-- Opening Marker --

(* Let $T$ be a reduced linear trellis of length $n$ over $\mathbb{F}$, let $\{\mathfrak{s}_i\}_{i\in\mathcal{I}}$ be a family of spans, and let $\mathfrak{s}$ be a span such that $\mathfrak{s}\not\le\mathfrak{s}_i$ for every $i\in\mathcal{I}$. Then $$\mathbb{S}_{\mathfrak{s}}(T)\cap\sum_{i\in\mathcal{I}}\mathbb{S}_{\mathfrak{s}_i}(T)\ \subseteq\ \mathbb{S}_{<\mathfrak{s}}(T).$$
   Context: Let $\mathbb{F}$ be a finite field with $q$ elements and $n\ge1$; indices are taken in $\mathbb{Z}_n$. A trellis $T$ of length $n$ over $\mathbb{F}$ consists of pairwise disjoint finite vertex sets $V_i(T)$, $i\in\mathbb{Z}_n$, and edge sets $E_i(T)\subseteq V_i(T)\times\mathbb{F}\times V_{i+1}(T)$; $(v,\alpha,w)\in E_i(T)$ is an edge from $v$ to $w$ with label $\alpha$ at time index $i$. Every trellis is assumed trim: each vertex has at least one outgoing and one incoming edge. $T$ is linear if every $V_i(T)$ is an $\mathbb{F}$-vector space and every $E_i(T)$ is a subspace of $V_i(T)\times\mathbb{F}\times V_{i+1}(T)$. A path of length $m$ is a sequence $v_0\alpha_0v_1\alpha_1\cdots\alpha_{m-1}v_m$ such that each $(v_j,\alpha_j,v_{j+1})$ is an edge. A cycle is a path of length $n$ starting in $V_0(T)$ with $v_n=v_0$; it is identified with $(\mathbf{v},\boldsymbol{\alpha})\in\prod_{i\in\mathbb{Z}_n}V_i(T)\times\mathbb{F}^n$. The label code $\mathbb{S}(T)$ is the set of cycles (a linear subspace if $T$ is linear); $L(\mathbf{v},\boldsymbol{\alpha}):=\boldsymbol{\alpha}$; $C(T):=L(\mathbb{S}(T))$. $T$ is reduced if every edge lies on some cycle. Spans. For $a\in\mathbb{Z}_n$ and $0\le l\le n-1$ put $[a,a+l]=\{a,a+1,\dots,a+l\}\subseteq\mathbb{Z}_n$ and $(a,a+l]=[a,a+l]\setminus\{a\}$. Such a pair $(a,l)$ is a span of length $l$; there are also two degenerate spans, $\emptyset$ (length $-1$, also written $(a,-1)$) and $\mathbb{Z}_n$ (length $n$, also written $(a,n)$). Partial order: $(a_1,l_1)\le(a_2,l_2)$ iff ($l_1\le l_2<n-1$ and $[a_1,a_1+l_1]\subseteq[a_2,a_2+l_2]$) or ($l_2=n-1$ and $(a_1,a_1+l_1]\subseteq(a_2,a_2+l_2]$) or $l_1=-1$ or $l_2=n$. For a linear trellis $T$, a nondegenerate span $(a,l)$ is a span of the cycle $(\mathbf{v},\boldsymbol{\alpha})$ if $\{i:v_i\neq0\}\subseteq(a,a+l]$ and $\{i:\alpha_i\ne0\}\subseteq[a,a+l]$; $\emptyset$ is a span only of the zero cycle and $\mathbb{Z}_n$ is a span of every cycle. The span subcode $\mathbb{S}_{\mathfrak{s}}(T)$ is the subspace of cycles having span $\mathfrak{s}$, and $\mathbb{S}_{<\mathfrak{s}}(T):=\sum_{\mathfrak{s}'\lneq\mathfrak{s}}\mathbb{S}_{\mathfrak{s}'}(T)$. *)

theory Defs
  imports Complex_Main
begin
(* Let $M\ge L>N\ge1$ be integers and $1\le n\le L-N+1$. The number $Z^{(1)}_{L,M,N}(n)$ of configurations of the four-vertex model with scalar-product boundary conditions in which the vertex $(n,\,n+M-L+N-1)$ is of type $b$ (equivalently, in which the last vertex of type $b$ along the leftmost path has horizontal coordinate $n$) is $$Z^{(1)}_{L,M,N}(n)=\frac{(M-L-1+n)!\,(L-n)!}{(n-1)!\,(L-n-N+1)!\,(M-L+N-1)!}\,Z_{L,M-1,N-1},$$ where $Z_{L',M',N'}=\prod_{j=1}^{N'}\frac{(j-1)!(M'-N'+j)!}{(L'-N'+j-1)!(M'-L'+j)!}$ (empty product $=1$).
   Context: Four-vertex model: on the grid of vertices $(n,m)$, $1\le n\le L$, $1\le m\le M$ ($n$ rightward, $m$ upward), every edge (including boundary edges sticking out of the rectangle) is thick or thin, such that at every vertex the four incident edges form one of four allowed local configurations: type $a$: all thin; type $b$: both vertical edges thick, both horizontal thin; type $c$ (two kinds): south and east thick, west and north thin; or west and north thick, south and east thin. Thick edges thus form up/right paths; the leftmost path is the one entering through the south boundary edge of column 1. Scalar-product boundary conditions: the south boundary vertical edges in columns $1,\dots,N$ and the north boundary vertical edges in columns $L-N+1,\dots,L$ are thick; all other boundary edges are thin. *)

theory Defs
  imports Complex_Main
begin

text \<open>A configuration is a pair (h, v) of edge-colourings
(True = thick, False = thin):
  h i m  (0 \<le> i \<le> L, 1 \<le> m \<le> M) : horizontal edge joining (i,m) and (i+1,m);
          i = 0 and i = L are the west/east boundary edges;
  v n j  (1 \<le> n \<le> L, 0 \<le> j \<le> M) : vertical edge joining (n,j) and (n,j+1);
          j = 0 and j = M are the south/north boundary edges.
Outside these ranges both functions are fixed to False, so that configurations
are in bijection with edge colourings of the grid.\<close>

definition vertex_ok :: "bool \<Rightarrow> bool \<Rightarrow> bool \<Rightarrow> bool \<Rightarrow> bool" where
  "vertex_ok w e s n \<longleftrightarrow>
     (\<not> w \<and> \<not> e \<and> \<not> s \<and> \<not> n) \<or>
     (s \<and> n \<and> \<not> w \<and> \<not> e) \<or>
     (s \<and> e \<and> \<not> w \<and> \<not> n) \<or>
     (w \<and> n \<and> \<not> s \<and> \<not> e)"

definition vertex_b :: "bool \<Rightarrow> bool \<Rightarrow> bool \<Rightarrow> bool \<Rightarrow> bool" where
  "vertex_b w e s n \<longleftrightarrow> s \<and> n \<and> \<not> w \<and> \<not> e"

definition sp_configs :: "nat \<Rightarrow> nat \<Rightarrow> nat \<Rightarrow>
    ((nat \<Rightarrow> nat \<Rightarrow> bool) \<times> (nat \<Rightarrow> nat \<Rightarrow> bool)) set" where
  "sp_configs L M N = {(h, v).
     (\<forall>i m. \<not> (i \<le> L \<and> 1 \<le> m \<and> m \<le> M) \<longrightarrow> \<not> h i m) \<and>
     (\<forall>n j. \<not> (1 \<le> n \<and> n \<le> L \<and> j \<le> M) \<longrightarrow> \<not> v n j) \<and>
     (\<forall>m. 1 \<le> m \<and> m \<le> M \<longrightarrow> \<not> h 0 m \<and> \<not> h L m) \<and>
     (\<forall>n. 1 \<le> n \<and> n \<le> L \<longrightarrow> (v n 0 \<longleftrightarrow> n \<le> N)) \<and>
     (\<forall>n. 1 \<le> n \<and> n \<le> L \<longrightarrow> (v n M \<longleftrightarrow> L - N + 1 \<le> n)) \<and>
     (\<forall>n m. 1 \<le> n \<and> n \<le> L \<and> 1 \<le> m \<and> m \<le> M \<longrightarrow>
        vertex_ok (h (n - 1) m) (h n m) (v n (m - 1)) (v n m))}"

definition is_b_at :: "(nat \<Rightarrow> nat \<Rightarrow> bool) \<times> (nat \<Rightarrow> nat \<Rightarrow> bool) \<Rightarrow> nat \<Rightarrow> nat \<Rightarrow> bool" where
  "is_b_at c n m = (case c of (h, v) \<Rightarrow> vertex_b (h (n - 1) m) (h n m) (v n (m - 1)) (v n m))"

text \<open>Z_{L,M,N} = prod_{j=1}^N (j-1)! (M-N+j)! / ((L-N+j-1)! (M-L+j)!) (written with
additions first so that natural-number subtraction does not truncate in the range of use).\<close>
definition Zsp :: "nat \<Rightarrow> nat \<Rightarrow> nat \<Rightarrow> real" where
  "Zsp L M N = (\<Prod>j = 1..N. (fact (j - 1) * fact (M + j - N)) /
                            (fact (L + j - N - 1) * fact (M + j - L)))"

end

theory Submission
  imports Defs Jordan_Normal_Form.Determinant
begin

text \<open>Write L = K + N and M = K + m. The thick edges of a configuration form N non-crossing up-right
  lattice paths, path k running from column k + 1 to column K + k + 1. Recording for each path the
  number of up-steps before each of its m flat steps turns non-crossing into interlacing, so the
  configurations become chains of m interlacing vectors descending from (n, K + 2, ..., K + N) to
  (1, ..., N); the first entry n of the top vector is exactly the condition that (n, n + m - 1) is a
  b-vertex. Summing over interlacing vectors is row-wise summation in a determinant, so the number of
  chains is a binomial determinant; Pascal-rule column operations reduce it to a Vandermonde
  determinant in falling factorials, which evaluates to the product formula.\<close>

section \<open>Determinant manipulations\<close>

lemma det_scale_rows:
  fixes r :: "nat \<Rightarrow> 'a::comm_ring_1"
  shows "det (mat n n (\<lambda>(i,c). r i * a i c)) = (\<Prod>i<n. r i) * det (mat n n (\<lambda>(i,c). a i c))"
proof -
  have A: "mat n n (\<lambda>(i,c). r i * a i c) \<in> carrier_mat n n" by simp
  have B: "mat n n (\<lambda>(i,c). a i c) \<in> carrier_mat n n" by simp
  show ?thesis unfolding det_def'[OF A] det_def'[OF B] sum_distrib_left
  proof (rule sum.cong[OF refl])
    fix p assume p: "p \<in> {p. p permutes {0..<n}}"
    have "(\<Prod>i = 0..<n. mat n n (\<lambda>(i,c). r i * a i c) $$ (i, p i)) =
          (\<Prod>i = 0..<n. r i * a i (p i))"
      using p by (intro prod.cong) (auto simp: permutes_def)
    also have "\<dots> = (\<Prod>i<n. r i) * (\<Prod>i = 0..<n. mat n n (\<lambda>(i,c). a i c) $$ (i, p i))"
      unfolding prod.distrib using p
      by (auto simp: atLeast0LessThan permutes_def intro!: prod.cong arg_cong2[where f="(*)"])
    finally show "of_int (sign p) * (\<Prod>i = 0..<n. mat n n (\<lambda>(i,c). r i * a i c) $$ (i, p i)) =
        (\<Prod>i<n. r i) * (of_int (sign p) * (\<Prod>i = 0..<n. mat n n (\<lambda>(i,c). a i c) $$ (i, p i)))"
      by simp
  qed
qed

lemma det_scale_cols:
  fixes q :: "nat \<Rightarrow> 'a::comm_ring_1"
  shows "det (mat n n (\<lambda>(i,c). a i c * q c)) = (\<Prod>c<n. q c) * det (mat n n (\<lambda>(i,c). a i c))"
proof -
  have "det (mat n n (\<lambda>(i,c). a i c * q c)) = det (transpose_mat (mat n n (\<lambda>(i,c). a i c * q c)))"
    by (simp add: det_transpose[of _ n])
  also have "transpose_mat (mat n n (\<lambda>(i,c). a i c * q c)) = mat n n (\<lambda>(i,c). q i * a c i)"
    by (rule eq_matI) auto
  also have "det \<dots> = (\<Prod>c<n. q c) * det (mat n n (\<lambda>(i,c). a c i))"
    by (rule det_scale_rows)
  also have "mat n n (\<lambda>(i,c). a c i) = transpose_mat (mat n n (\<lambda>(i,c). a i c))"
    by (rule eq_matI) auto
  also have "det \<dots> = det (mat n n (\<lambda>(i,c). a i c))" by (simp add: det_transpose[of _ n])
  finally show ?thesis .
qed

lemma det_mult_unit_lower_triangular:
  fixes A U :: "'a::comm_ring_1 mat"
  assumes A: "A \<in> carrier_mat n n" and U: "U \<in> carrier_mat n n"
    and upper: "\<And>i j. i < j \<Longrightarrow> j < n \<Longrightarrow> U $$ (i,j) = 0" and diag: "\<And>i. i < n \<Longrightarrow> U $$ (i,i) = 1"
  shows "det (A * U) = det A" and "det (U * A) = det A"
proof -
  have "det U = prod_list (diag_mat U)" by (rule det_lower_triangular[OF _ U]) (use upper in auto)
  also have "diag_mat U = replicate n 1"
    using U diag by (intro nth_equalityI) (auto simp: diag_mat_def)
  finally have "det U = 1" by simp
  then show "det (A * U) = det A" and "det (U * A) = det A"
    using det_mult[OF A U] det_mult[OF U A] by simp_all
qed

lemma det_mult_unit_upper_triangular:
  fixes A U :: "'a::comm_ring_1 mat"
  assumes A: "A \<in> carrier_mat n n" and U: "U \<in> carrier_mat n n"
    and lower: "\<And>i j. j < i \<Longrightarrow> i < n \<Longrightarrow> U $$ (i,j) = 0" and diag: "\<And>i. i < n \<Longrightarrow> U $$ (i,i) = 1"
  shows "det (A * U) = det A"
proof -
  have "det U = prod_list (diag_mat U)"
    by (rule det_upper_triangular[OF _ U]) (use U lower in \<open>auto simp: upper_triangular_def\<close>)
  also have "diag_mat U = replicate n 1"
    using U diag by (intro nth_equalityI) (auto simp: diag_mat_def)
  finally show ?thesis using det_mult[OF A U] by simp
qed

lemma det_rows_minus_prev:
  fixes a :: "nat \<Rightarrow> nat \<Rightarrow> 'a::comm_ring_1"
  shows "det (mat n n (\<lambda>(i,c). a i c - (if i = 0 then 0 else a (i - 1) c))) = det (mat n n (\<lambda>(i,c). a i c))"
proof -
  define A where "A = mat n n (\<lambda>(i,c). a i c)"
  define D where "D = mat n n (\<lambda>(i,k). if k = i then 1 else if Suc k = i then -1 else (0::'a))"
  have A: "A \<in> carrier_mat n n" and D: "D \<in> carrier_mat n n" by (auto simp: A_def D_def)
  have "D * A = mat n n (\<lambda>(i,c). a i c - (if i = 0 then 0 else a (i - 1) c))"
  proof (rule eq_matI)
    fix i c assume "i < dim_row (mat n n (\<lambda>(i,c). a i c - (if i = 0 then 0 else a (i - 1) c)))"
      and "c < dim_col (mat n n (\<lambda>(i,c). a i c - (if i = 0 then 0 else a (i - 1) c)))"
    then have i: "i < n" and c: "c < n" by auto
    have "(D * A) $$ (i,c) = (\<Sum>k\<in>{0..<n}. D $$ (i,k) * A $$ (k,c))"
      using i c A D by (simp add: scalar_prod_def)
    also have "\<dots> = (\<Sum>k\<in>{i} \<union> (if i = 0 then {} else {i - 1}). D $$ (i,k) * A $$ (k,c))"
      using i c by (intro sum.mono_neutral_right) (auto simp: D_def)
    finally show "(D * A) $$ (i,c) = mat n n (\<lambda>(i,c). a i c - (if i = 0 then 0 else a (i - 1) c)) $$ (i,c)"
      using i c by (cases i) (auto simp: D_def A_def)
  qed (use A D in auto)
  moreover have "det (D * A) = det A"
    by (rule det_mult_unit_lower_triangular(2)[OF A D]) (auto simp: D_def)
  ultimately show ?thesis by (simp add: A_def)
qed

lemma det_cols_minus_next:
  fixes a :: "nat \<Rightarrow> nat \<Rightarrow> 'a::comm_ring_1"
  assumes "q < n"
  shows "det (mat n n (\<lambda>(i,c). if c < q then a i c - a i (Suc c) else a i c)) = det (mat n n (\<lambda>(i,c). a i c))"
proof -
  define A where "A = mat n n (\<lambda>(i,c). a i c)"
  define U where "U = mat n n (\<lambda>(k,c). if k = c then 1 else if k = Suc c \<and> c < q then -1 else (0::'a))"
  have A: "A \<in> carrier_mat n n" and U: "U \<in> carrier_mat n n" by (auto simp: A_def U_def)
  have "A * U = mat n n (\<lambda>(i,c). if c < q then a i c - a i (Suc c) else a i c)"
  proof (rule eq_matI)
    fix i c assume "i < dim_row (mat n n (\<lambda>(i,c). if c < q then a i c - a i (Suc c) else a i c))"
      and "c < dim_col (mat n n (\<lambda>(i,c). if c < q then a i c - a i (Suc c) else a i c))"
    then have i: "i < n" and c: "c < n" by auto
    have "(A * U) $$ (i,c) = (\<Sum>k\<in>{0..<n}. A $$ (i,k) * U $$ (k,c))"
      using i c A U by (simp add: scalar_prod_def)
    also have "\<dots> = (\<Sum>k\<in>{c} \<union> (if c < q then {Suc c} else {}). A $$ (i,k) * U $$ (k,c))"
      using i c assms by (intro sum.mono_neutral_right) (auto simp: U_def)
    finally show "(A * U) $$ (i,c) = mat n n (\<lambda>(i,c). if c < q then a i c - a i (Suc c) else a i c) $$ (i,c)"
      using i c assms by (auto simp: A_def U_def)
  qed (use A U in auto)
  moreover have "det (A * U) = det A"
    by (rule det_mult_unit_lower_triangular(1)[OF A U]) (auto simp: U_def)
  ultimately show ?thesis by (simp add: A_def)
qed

-- Closing Marker --

- **EXERCISE DETAILS**
Once you reach the line with "i * a i c) \<in>" in the data above, copy it and every line after it exactly, up to and including the line with "(\<Prod>i = 0..<n. r".

- **RESPONSE FOR THIS EXERCISE**
  have A: "mat n n (\<lambda>(i,c). r i * a i c) \<in> carrier_mat n n" by simp
  have B: "mat n n (\<lambda>(i,c). a i c) \<in> carrier_mat n n" by simp
  show ?thesis unfolding det_def'[OF A] det_def'[OF B] sum_distrib_left
  proof (rule sum.cong[OF refl])
    fix p assume p: "p \<in> {p. p permutes {0..<n}}"
    have "(\<Prod>i = 0..<n. mat n n (\<lambda>(i,c). r i * a i c) $$ (i, p i)) =
          (\<Prod>i = 0..<n. r i * a i (p i))"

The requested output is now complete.